The `:` operator is known as the *slice* operator. It useful in extracting sequences from list-like objects.

In Python, strings like the one below are like "lists" of individual characters.

In [None]:
word = 'Python'
word[0] # first element

In [None]:
word[-1] # last element (useful when you do not know the total number of elements)

In [None]:
len(word)

In [None]:
word[0::2] # starting from the first element till the last element, every 2nd position

Here is a pictorial representation of how slices should be envisioned:

![python_slice.png](attachment:python_slice.png)

The negative indices on the second row are an alternate, right-to-left way we can index strings.

### Lists, Tuples and Dictionaries

The main types of containers in Python are 
* lists, which are defined with `[ ]`. Lists are mutable.
* tuples, which are defined with `( )`. Tuples are immutable.
* dictionaries, which are defined with `{ }`. Dictionaries have keys and items. They are also mutable.

Here's what we mean by mutable. The entries in a list (or dictionary) can be overwritten, but not those in a tuple:

In [None]:
x = [1, 3, 5, 7, 8, 9, 10]

# This is OK, because "x" is a list.
x[3] = 17     
print(x)

In [None]:
# This is not OK, because x_tuple is a tuple
x_tuple = (1, 3, 5, 6, 8, 9, 10)
x_tuple[3] = 17 

Lists, tuples and dictionaries are *iterables*. This means that they can be *iterated over* in `for` loops. This is a convenient concept in Python.

In [None]:
for ele in x:
    print(ele)

The `range` function allows us to create an iterable conveniently...

In [None]:
x_range = range(1, 11, 2)
x_range

In [None]:
for ele in x_range:
    print(ele)

In [None]:
for x in x_range:
    print(f'{x} squared: {x ** 2}, cubed: {x ** 3}.')

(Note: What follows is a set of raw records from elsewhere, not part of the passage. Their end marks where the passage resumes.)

lemma transverse_crossing_time:
  fixes A :: "('m::topological_space set \<times> ('m \<Rightarrow> real^'n)) set" and \<psi> :: "real \<Rightarrow> 'm \<Rightarrow> 'm"
  assumes M: "manifold A" and F: "C1_flow A \<psi>" and "transverse_hypersurface A \<psi> \<Sigma>" "\<sigma>0 \<in> \<Sigma>"
  shows "\<exists>W \<delta> \<tau>. open W \<and> \<sigma>0 \<in> W \<and> crossing_time \<psi> \<Sigma> W \<delta> \<tau>"
proof -
  interpret continuous_flow \<psi> using F by (rule C1_flow_continuous_flow)
  obtain U h i v where U: "\<sigma>0 \<in> U" "compatible_chart A U h"
    and slice: "h ` (U \<inter> \<Sigma>) = h ` U \<inter> {y. y $ i = 0}"
    and v: "((\<lambda>t. h (\<psi> t \<sigma>0)) has_vector_derivative v) (at 0)" "v $ i \<noteq> 0"
    using assms(3,4) unfolding transverse_hypersurface_def by blast
  have "chart U h" using U(2) by (simp add: compatible_chart_def)
  obtain N D where N: "open N" "(0, \<sigma>0) \<in> N" "continuous_on N D"
    and ND: "\<And>t x. (t, x) \<in> N \<Longrightarrow> \<psi> t x \<in> U \<and> ((\<lambda>s. h (\<psi> s x)) has_vector_derivative D (t, x)) (at t)"
    using chart_flow_has_vector_derivative[OF M F U(2,1)] by blast
  have "D (0, \<sigma>0) = v" using vector_derivative_unique_at[OF conjunct2[OF ND[OF N(2)]] v(1)] .
  define c where "c = sgn (v $ i)"
  define q where "q p = c * D p $ i" for p
  have "continuous_on N q"
    unfolding q_def by (intro continuous_intros bounded_linear.continuous_on[OF bounded_linear_vec_nth] N(3))
  moreover have "0 < q (0, \<sigma>0)"
    using \<open>D (0, \<sigma>0) = v\<close> v(2) by (cases "0 < v $ i") (auto simp: q_def c_def sgn_if)
  ultimately obtain X \<delta> where X: "open X" "\<sigma>0 \<in> X" "0 < \<delta>"
    and box: "\<And>t x. \<bar>t\<bar> \<le> \<delta> \<Longrightarrow> x \<in> X \<Longrightarrow> (t, x) \<in> N \<and> 0 < q (t, x)"
    using positive_near_zero_time[OF N(1,2)] by blast
  define g where "g t x = c * h (\<psi> t x) $ i" for t x
  have deriv: "((\<lambda>t. g t x) has_real_derivative q (t, x)) (at t)" if "\<bar>t\<bar> \<le> \<delta>" "x \<in> X" for t x
    using has_vector_derivative_vec_nth[OF conjunct2[OF ND[OF conjunct1[OF box[OF that]]]]]
    unfolding g_def q_def by (rule DERIV_cmult)
  have hit_iff: "\<psi> t x \<in> \<Sigma> \<longleftrightarrow> g t x = 0" if "\<bar>t\<bar> \<le> \<delta>" "x \<in> X" for t x
    using slice_chart_mem_iff[OF \<open>chart U h\<close> slice] ND box[OF that] v(2)
    by (simp add: g_def c_def sgn_if)
  have "continuous_on U h" using \<open>chart U h\<close> by (simp add: chart_def homeomorphism_def)
  obtain W \<tau> where W: "open W" "\<sigma>0 \<in> W" "W \<subseteq> X" "continuous_on W \<tau>"
    and zero: "\<And>x. x \<in> W \<Longrightarrow> \<bar>\<tau> x\<bar> < \<delta> \<and> g (\<tau> x) x = 0 \<and> (\<forall>t. \<bar>t\<bar> < \<delta> \<longrightarrow> g t x = 0 \<longrightarrow> t = \<tau> x)"
  proof (rule continuous_unique_zero[OF X])
    show "g a x < g b x" if "x \<in> X" "-\<delta> \<le> a" "a < b" "b \<le> \<delta>" for x a b
    proof (rule DERIV_pos_imp_increasing[OF \<open>a < b\<close>])
      fix s assume "a \<le> s" "s \<le> b"
      then have "\<bar>s\<bar> \<le> \<delta>" using that by auto
      then show "\<exists>y. ((\<lambda>t. g t x) has_real_derivative y) (at s) \<and> 0 < y"
        using deriv box \<open>x \<in> X\<close> by blast
    qed
    show "continuous_on {-\<delta>..\<delta>} (\<lambda>t. g t x)" if "x \<in> X" for x
    proof (rule continuous_at_imp_continuous_on, rule ballI)
      fix t assume "t \<in> {-\<delta>..\<delta>}"
      then have "\<bar>t\<bar> \<le> \<delta>" by auto
      then show "isCont (\<lambda>t. g t x) t" by (rule DERIV_isCont[OF deriv[OF _ that]])
    qed
    show "continuous_on X (g t)" if "t \<in> {-\<delta>..\<delta>}" for t
    proof -
      have "continuous_on X (\<lambda>x. \<psi> t x)" by (intro continuous_intros)
      moreover have "(\<lambda>x. \<psi> t x) ` X \<subseteq> U" using box ND that by force
      ultimately have "continuous_on X (\<lambda>x. h (\<psi> t x))"
        by (rule continuous_on_compose2[OF \<open>continuous_on U h\<close>])
      then show ?thesis
        unfolding g_def by (intro continuous_on_mult continuous_on_const bounded_linear.continuous_on[OF bounded_linear_vec_nth])
    qed
    show "g 0 \<sigma>0 = 0" using hit_iff[of 0 \<sigma>0] \<open>\<sigma>0 \<in> \<Sigma>\<close> X(2) \<open>0 < \<delta>\<close> by simp
  qed blast
  have "crossing_time \<psi> \<Sigma> W \<delta> \<tau>"
    unfolding crossing_time_def
  proof (intro conjI ballI allI impI)
    show "0 < \<delta>" "continuous_on W \<tau>" by fact+
    fix x assume "x \<in> W"
    then have "x \<in> X" using W(3) by blast
    show "\<bar>\<tau> x\<bar> < \<delta>" using zero[OF \<open>x \<in> W\<close>] by blast
    then show "\<psi> (\<tau> x) x \<in> \<Sigma>" using hit_iff[OF _ \<open>x \<in> X\<close>] zero[OF \<open>x \<in> W\<close>] by simp
    fix t assume "\<bar>t\<bar> < \<delta>" "\<psi> t x \<in> \<Sigma>"
    then show "t = \<tau> x" using hit_iff[OF _ \<open>x \<in> X\<close>, of t] zero[OF \<open>x \<in> W\<close>] by simp
  qed
  then show ?thesis using W(1,2) by blast
qed

lemma global_poincare_section_flow_section:
  fixes A :: "('m::topological_space set \<times> ('m \<Rightarrow> real^'n)) set"
  assumes M: "manifold A" and F: "C1_flow A \<psi>" and P: "global_poincare_section A \<psi> \<Sigma>"
  shows "flow_section \<psi> \<Sigma>"
proof (intro flow_section.intro C1_flow_continuous_flow[OF F] flow_section_axioms.intro)
  show "closed \<Sigma>"
    using manifold_relatively_closed_imp_closed[OF M] P by (simp add: global_poincare_section_def)
  show "\<exists>W \<delta> \<tau>. open W \<and> \<sigma> \<in> W \<and> crossing_time \<psi> \<Sigma> W \<delta> \<tau>" if "\<sigma> \<in> \<Sigma>" for \<sigma>
    using transverse_crossing_time[OF M F _ that] P by (simp add: global_poincare_section_def)
  show "\<exists>t>0. \<psi> t x \<in> \<Sigma>" "\<exists>t<0. \<psi> t x \<in> \<Sigma>" for x
    using P by (simp_all add: global_poincare_section_def)
qed
(* Let $\eta>1$ and $\epsilon>0$. If a distribution $\mu$ over $\{-1,+1\}^n$ is $(\eta,\epsilon)$-completely spectrally independent, then for every $0<\alpha\le1/(2\eta)$ and every $x\in\left(0,(1+\epsilon)^{1/\alpha}\right]^n$ we have $F_{\mu,\alpha}(x)\le1$, where $$F_{\mu,\alpha}(z_1,\dots,z_n)=\frac{g_\mu(z_1^\alpha,\dots,z_n^\alpha)^{1/\alpha}}{\prod_{i=1}^n(\mu_i(+1)z_i+\mu_i(-1))}.$$
   Context: $g_\mu(z)=\sum_{\sigma\in\{-1,+1\}^n}\mu(\sigma)\prod_{i:\sigma_i=+1}z_i$; $\mu_i$ is the marginal at coordinate $i$. $(\boldsymbol\lambda*\mu)(\sigma)\propto\mu(\sigma)\prod_{i:\sigma_i=+1}\lambda_i$. $\mu$ is $(\eta,\epsilon)$-completely spectrally independent if $(\boldsymbol\lambda*\mu)$ is $\eta$-spectrally independent for every $\boldsymbol\lambda\in(0,1+\epsilon]^n$. A distribution $\nu$ is $\eta$-spectrally independent if for every $\Lambda\subseteq[n]$ and every $\sigma$ in the support of the marginal $\nu_\Lambda$, the spectral radius of the matrix $\Psi_{\nu^\sigma}(i,j)=\max_{x,y}d_{\mathrm{TV}}(\nu_j^{\sigma\wedge i\gets x},\nu_j^{\sigma\wedge i\gets y})$ (max over $x,y$ in the support of $\nu^\sigma_i$) is at most $\eta$; here $\nu^\sigma$ is $\nu$ conditioned on $\sigma$ and $\nu^{\sigma\wedge i\gets x}$ is further conditioned on coordinate $i$ equal to $x$. *)

theory Defs
  imports Complex_Main "Jordan_Normal_Form.Spectral_Radius"
begin

text \<open>Coordinates are 0..n-1; a spin configuration sigma in {-1,+1}^n is encoded as
  a predicate sigma :: nat => bool (True = +1, False = -1) that is False outside {0..<n}.\<close>

definition cube :: "nat \<Rightarrow> (nat \<Rightarrow> bool) set" where
  "cube n = {\<sigma>. \<forall>i. n \<le> i \<longrightarrow> \<not> \<sigma> i}"
(* Consider a forward complete system $\dot x(t)=f(x_t,u(t))$ with delay-free output $y(t)=h_0(x(t))$ as in the context. Let $\alpha:\mathcal X^n\to\mathbb R_{\ge0}$ be continuous with $\alpha(0)=0$. Assume there exist $\beta\in\mathcal{KL}$ and $\rho,\kappa,\gamma\in\mathcal N$ such that for all $\xi\in\mathcal X^n$, $u\in\mathcal M$ and all $t\ge0$, $|y(t)|\le\max\{\beta(\alpha(\xi),\ t/(1+\rho(\|\xi\|_{\mathcal X}))),\ \kappa(\max_{\tau\in[-\theta,t]}|y(\tau)|),\ \gamma(\|u\|)\}$. Then there exists $\beta_1\in\mathcal{KL}$ such that for all $\xi,u$ and all $t\ge0$, $\|y_t\|_{\mathcal X}\le\max\{\beta_1(\tilde\alpha(\xi),\ t/(1+\rho(\|\xi\|_{\mathcal X}))),\ \kappa(\max_{\tau\in[0,t]}\|y_\tau\|_{\mathcal X}),\ \gamma(\|u\|)\}$, where $\tilde\alpha(\xi)=\max\{\alpha(\xi),H(\xi)\}$.
   Context: Fix $\theta>0$; $\mathcal X^k=C([-\theta,0],\mathbb R^k)$ with norm $\|\xi\|_{\mathcal X}=\max_{s\in[-\theta,0]}|\xi(s)|$; for a continuous $v$ on $[-\theta,b]$, $v_t(s)=v(t+s)$. $\mathcal M$: measurable locally essentially bounded $u:\mathbb R_{\ge0}\to\mathbb R^m$, $\|u\|$ the essential supremum on $[0,\infty)$. Classes: $\mathcal N$ = continuous nondecreasing $\sigma:\mathbb R_{\ge0}\to\mathbb R_{\ge0}$, $\sigma(0)=0$; $\mathcal K$ = strictly increasing ones; $\mathcal{KL}$ = $\beta(s,t)$ of class $\mathcal K$ in $s$ and decreasing to $0$ as $t\to\infty$. $f:\mathcal X^n\times\mathbb R^m\to\mathbb R^n$ is locally Lipschitz and maps bounded sets to bounded sets; $x(\cdot,\xi,u)$ is the unique maximal solution with $x(s)=\xi(s)$ on $[-\theta,0]$; forward complete means these exist for all $t\ge0$. $h_0:\mathbb R^n\to\mathbb R^p$ is continuous with $h_0(0)=0$, and along a solution $y(\tau)=h_0(x(\tau,\xi,u))$ for $\tau\ge-\theta$ (so $y(\tau)=h_0(\xi(\tau))$ on $[-\theta,0]$); $y_t\in\mathcal X^p$ is $y_t(s)=y(t+s)$. $H(\xi)=\max_{s\in[-\theta,0]}|h_0(\xi(s))|=\|y_0\|_{\mathcal X}$. *)

theory Defs
  imports "HOL-Analysis.Analysis" "HOL-Probability.Essential_Supremum"
begin

text \<open>Elements of C([-theta,0], R^k) are represented canonically as functions
  real => 'a that are continuous on [-theta,0] and vanish outside [-theta,0].\<close>
definition Xsp :: "real \<Rightarrow> (real \<Rightarrow> 'a::euclidean_space) set" where
  "Xsp \<theta> = {\<xi>. continuous_on {-\<theta>..0} \<xi> \<and> (\<forall>s. s \<notin> {-\<theta>..0} \<longrightarrow> \<xi> s = 0)}"

definition xnorm :: "real \<Rightarrow> (real \<Rightarrow> 'a::euclidean_space) \<Rightarrow> real" where
  "xnorm \<theta> \<xi> = Sup ((\<lambda>s. norm (\<xi> s)) ` {-\<theta>..0})"

definition seg :: "real \<Rightarrow> (real \<Rightarrow> 'a::euclidean_space) \<Rightarrow> real \<Rightarrow> (real \<Rightarrow> 'a)" where
  "seg \<theta> v t = (\<lambda>s. if s \<in> {-\<theta>..0} then v (t + s) else 0)"

definition Mset :: "(real \<Rightarrow> 'b::euclidean_space) set" where
  "Mset = {u. set_borel_measurable lborel {0..} u \<and>
       (\<forall>T\<ge>0. \<exists>C. AE t in lborel. t \<in> {0..T} \<longrightarrow> norm (u t) \<le> C)}"

definition ess_norm :: "(real \<Rightarrow> 'b::euclidean_space) \<Rightarrow> ereal" where
  "ess_norm u = esssup (restrict_space lborel {0..}) (\<lambda>t. ereal (norm (u t)))"

definition classN :: "(real \<Rightarrow> real) \<Rightarrow> bool" where
  "classN \<sigma> \<longleftrightarrow> continuous_on {0..} \<sigma> \<and> mono_on {0..} \<sigma> \<and> \<sigma> 0 = 0 \<and> (\<forall>s\<ge>0. \<sigma> s \<ge> 0)"

definition classK :: "(real \<Rightarrow> real) \<Rightarrow> bool" where
  "classK \<sigma> \<longleftrightarrow> classN \<sigma> \<and> strict_mono_on {0..} \<sigma>"

definition classKL :: "(real \<Rightarrow> real \<Rightarrow> real) \<Rightarrow> bool" where
  "classKL \<beta> \<longleftrightarrow> (\<forall>t\<ge>0. classK (\<lambda>s. \<beta> s t)) \<and>
     (\<forall>s\<ge>0. antimono_on {0..} (\<lambda>t. \<beta> s t) \<and> ((\<lambda>t. \<beta> s t) \<longlongrightarrow> 0) at_top)"

definition loc_lipschitz_X :: "real \<Rightarrow> ((real \<Rightarrow> 'a::euclidean_space) \<Rightarrow> 'b::euclidean_space \<Rightarrow> 'a) \<Rightarrow> bool" where
  "loc_lipschitz_X \<theta> f \<longleftrightarrow> (\<forall>\<xi>\<in>Xsp \<theta>. \<forall>v. \<exists>r>0. \<exists>L. \<forall>\<xi>1\<in>Xsp \<theta>. \<forall>\<xi>2\<in>Xsp \<theta>. \<forall>v1 v2.
      xnorm \<theta> (\<xi>1 - \<xi>) \<le> r \<and> xnorm \<theta> (\<xi>2 - \<xi>) \<le> r \<and> norm (v1 - v) \<le> r \<and> norm (v2 - v) \<le> r \<longrightarrow>
      norm (f \<xi>1 v1 - f \<xi>2 v2) \<le> L * (xnorm \<theta> (\<xi>1 - \<xi>2) + norm (v1 - v2)))"

definition bounded_on_bounded_X :: "real \<Rightarrow> ((real \<Rightarrow> 'a::euclidean_space) \<Rightarrow> 'b::euclidean_space \<Rightarrow> 'a) \<Rightarrow> bool" where
  "bounded_on_bounded_X \<theta> f \<longleftrightarrow> (\<forall>R. \<exists>C. \<forall>\<xi>\<in>Xsp \<theta>. \<forall>v. xnorm \<theta> \<xi> \<le> R \<and> norm v \<le> R \<longrightarrow> norm (f \<xi> v) \<le> C)"
lemma strongly_convex_lower_bound:
  fixes G :: "'a::real_inner \<Rightarrow> real"
  assumes G': "\<And>y. (G has_derivative (\<lambda>v. G' y \<bullet> v)) (at y)"
    and mono: "\<And>y1 y2. \<mu> * (norm (y2 - y1))\<^sup>2 \<le> (G' y2 - G' y1) \<bullet> (y2 - y1)"
  shows "G y + G' y \<bullet> d + \<mu> / 2 * (norm d)\<^sup>2 \<le> G (y + d)"
proof -
  define \<psi> where "\<psi> t = G (y + t *\<^sub>R d) - t * (G' y \<bullet> d) - \<mu> / 2 * t\<^sup>2 * (norm d)\<^sup>2" for t
  have "\<psi> 0 \<le> \<psi> 1"
  proof (rule DERIV_nonneg_imp_nondecreasing[of 0 1 \<psi>])
    fix t :: real
    assume "0 \<le> t"
    let ?D = "G' (y + t *\<^sub>R d) \<bullet> d - G' y \<bullet> d - \<mu> * t * (norm d)\<^sup>2"
    have "((\<lambda>t. y + t *\<^sub>R d) has_derivative (\<lambda>s. s *\<^sub>R d)) (at t)"
      by (auto intro!: derivative_eq_intros)
    from has_derivative_compose[OF this G']
    have "(\<psi> has_derivative (\<lambda>s. s * ?D)) (at t)"
      unfolding \<psi>_def[abs_def] by (auto intro!: derivative_eq_intros simp: algebra_simps)
    then have "DERIV \<psi> t :> ?D"
      by (simp add: has_field_derivative_def mult_commute_abs)
    moreover have "t * (\<mu> * t * (norm d)\<^sup>2) \<le> t * (G' (y + t *\<^sub>R d) \<bullet> d - G' y \<bullet> d)"
      using mono[of y "y + t *\<^sub>R d"]
      by (simp add: inner_diff_left power2_eq_square algebra_simps)
    then have "?D \<ge> 0"
      using \<open>0 \<le> t\<close> by (cases "t = 0") (simp_all add: mult_le_cancel_left)
    ultimately show "\<exists>D. DERIV \<psi> t :> D \<and> D \<ge> 0" by blast
  qed simp
  then show ?thesis by (simp add: \<psi>_def)
qed

lemma strongly_convex_has_minimizer:
  fixes G :: "'a::euclidean_space \<Rightarrow> real"
  assumes G': "\<And>y. (G has_derivative (\<lambda>v. G' y \<bullet> v)) (at y)"
    and mono: "\<And>y1 y2. \<mu> * (norm (y2 - y1))\<^sup>2 \<le> (G' y2 - G' y1) \<bullet> (y2 - y1)"
    and "\<mu> > 0"
  shows "\<exists>y0. \<forall>y. G y0 \<le> G y"
proof -
  define R where "R = 2 * norm (G' 0) / \<mu>"
  have "continuous_on (cball 0 R) G"
    using has_derivative_continuous[OF G'] by (simp add: continuous_at_imp_continuous_on)
  moreover have "0 \<in> cball 0 R"
    using \<open>\<mu> > 0\<close> by (simp add: R_def)
  ultimately obtain y0 where y0: "\<And>y. y \<in> cball 0 R \<Longrightarrow> G y0 \<le> G y"
    using continuous_attains_inf[OF compact_cball] by blast
  have "G y0 \<le> G y" for y
  proof (cases "norm y \<le> R")
    case True
    then show ?thesis using y0 by simp
  next
    case False
    \<comment> \<open>Outside the ball the quadratic term beats the linear one, so \<open>G y \<ge> G 0\<close>.\<close>
    then have "2 * norm (G' 0) \<le> \<mu> * norm y"
      using \<open>\<mu> > 0\<close> by (simp add: R_def field_simps)
    from mult_right_mono[OF this norm_ge_zero]
    have "norm (G' 0) * norm y \<le> \<mu> / 2 * (norm y)\<^sup>2"
      by (simp add: power2_eq_square algebra_simps)
    moreover have "- (norm (G' 0) * norm y) \<le> G' 0 \<bullet> y"
      using norm_cauchy_schwarz[of "G' 0" y] Cauchy_Schwarz_ineq2[of "G' 0" y] by linarith
    moreover have "G 0 + G' 0 \<bullet> y + \<mu> / 2 * (norm y)\<^sup>2 \<le> G y"
      using strongly_convex_lower_bound[OF G' mono, of 0 y] by simp
    moreover have "G y0 \<le> G 0"
      using y0 \<open>0 \<in> cball 0 R\<close> by blast
    ultimately show ?thesis by linarith
  qed
  then show ?thesis by blast
qed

...which we can convert to a list to see all of its elements.

In [None]:
list(x_range)

In `print`, we have used an f-string (short for a formatted string literal).

Dictionaries contain keys and their values.

In [None]:
comics = {'marvel': 1, 'dc': 0}
comics.keys()
# list(comics.keys())

In [None]:
?comics.keys

In [None]:
comics.items()
# list(comics.items())

In [None]:
comics.values()
# list(comics.values())

We slice/index a dictionary object by a key to retrieve the associated value, if it exists.

In [None]:
comics['marvel']

We then iterate over the items of a dictionary, which are 2-tuples of key-value pairs. Here, we unpack them immediately using the following code:

In [None]:
key = 'test'
print(f'Here\'s the {key!r}')
print(f'Here\'s the {key}')

In [None]:
key.__repr__()

In [None]:
for key, value in comics.items():
    # Note that we use single-quotes inside a double-quoted
    # string. We could instead use double-quotes inside a
    # single-quoted string.
    print(f"Here's the key '{key}',")
    print(f"and the associated item '{value}'.")
    # Insert a newline.
    print()

Notice that splitting the item 2-tuple within the `for` statement of a loop
is a bit more convenient than doing it in the loop's body.

## String Methods

### String Formatting

Text data in Python is handled with `str`-type objects. Like tuples, strings are iterable and immutable. String operations in Python are fast. There is a comprehensive suite of functions for dealing with strings -- from catenating to capitalising to searching through them.

In [None]:
test_str = 'Where in the World is Carmen San Diego?'

Remember that a string is immutable so this will not work:

In [None]:
test_str[5] = 'z'

In [None]:
count = 0
for character in test_str:
    if character.isupper():
        count += 1
print(f'There were {count} upper-case characters in the sentence.')

In [None]:
test_str.lower()

To join strings, we can use the '+' operator, the `str.join()` method, or, if they are part of the same expression, we can just place them next to each other separated by whitespace.

In [None]:
x = "Where shall "
y = "we "
new_str = "Where shall " "we " "go today?"
print(new_str)

In [None]:
' '.join(["Where", "shall", "we", "go", "today?"])

In [None]:
"Where " + "shall" + " we go" + " today?"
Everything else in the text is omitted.